%%
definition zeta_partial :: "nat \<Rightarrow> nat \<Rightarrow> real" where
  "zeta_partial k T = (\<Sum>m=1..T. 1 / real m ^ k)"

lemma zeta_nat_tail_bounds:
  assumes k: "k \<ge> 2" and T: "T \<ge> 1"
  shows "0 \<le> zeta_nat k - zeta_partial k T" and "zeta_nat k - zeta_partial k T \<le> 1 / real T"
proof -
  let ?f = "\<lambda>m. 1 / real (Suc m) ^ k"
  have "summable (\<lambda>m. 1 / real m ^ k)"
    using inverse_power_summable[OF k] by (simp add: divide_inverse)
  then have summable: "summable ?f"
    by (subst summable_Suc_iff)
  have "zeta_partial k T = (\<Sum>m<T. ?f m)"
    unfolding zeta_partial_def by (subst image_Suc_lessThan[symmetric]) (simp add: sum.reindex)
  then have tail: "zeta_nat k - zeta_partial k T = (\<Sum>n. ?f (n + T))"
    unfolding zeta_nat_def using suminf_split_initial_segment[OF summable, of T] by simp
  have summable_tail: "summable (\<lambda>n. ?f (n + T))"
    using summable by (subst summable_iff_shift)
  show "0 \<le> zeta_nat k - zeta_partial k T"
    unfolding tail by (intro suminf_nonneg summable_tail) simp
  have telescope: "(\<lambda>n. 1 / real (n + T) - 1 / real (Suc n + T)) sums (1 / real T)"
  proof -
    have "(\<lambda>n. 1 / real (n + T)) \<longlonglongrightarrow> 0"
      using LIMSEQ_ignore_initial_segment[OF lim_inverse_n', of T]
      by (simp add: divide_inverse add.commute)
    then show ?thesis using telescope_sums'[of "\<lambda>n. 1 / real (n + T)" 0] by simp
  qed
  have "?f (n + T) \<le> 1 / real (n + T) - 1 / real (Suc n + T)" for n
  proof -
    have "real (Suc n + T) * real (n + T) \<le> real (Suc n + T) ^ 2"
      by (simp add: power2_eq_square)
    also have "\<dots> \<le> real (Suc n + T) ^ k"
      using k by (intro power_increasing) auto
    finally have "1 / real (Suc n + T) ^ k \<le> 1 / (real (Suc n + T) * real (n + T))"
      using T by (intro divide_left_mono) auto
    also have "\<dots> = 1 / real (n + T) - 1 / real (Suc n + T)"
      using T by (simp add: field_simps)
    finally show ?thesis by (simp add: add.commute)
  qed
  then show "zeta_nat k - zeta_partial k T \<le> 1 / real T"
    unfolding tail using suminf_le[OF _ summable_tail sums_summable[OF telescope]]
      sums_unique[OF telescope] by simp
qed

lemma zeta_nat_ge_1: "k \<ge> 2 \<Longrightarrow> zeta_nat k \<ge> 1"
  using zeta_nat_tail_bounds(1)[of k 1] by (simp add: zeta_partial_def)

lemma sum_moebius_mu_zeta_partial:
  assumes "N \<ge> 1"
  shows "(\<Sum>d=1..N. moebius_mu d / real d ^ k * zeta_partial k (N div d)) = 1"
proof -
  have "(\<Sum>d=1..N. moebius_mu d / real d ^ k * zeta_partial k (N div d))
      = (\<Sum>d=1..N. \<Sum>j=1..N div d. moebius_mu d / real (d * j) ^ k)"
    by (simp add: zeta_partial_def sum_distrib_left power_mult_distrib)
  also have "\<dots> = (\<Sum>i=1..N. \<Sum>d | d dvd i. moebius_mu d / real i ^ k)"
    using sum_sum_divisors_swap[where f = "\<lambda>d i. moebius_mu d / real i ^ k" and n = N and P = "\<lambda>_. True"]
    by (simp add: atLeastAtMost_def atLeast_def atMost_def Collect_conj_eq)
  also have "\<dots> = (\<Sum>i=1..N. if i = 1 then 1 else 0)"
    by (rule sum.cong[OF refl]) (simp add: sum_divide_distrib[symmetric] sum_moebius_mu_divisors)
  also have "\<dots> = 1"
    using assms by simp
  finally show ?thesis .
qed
%%
%%
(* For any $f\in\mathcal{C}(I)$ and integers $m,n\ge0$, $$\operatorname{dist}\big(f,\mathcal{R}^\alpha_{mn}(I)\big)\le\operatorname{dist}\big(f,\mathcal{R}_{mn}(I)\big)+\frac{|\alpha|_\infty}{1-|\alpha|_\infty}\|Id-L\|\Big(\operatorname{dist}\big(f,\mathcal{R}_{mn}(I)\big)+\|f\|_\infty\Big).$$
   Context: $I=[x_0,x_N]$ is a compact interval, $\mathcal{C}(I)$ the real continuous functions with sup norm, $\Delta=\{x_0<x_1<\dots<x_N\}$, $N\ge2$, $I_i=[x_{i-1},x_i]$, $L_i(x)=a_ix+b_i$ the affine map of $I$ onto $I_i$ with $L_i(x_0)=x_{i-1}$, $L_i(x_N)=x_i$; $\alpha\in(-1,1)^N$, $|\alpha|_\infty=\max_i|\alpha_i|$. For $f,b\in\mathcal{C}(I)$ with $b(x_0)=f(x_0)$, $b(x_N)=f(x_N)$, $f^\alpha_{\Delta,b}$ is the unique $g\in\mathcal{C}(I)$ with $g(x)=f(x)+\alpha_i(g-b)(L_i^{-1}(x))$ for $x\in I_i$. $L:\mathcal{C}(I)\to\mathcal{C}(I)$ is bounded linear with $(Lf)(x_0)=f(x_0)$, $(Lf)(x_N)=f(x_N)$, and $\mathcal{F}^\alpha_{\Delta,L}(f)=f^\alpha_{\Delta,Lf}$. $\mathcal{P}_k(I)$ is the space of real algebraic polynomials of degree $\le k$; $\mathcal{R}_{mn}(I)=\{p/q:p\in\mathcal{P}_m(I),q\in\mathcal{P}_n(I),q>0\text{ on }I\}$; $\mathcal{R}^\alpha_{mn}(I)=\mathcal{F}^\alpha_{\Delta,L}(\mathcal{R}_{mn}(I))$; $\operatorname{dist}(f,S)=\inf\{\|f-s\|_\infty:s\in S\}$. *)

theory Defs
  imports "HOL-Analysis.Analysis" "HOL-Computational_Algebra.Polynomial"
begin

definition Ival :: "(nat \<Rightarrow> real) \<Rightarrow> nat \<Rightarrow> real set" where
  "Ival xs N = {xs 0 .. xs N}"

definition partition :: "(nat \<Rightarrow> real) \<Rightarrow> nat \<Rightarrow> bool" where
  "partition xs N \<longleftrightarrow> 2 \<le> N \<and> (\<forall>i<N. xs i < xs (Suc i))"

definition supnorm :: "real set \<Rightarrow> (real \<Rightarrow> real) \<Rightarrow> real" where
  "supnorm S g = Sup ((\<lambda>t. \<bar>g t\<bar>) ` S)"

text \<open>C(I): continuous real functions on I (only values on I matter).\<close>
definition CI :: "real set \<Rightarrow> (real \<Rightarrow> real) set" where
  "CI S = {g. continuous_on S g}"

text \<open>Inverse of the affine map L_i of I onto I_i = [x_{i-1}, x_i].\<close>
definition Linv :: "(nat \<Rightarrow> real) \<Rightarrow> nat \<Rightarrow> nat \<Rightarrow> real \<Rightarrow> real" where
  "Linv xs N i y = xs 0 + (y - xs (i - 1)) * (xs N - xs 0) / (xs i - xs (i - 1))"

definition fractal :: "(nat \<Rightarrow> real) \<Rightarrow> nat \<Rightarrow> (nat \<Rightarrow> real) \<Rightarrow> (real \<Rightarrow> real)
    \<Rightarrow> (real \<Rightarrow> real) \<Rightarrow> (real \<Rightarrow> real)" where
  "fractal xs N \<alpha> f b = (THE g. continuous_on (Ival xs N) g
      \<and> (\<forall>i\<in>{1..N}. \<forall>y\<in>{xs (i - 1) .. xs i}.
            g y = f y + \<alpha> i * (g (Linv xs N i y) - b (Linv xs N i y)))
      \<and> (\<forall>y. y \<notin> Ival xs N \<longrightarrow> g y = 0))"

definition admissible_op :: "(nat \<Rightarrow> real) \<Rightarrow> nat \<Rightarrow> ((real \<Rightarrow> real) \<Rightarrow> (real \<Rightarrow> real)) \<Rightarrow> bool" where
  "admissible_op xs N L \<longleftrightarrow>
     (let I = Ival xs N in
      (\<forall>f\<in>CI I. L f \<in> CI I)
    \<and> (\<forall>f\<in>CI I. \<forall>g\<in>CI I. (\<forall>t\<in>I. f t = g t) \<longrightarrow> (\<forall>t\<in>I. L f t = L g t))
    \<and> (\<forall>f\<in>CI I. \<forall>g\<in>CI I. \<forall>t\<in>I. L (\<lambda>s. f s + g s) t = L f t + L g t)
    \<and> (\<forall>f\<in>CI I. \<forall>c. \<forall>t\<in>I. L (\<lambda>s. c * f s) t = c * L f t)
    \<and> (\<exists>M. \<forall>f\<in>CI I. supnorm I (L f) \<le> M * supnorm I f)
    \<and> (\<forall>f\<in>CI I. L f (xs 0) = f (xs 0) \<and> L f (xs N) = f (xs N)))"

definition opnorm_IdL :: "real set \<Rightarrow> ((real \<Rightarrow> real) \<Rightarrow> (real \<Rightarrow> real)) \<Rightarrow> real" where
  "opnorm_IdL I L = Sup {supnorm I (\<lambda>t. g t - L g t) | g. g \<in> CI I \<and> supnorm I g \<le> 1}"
%%
Aim of the task: Looking at the entries above, count the lines that hold the string "partition" and reply with the count alone.

Task response: 2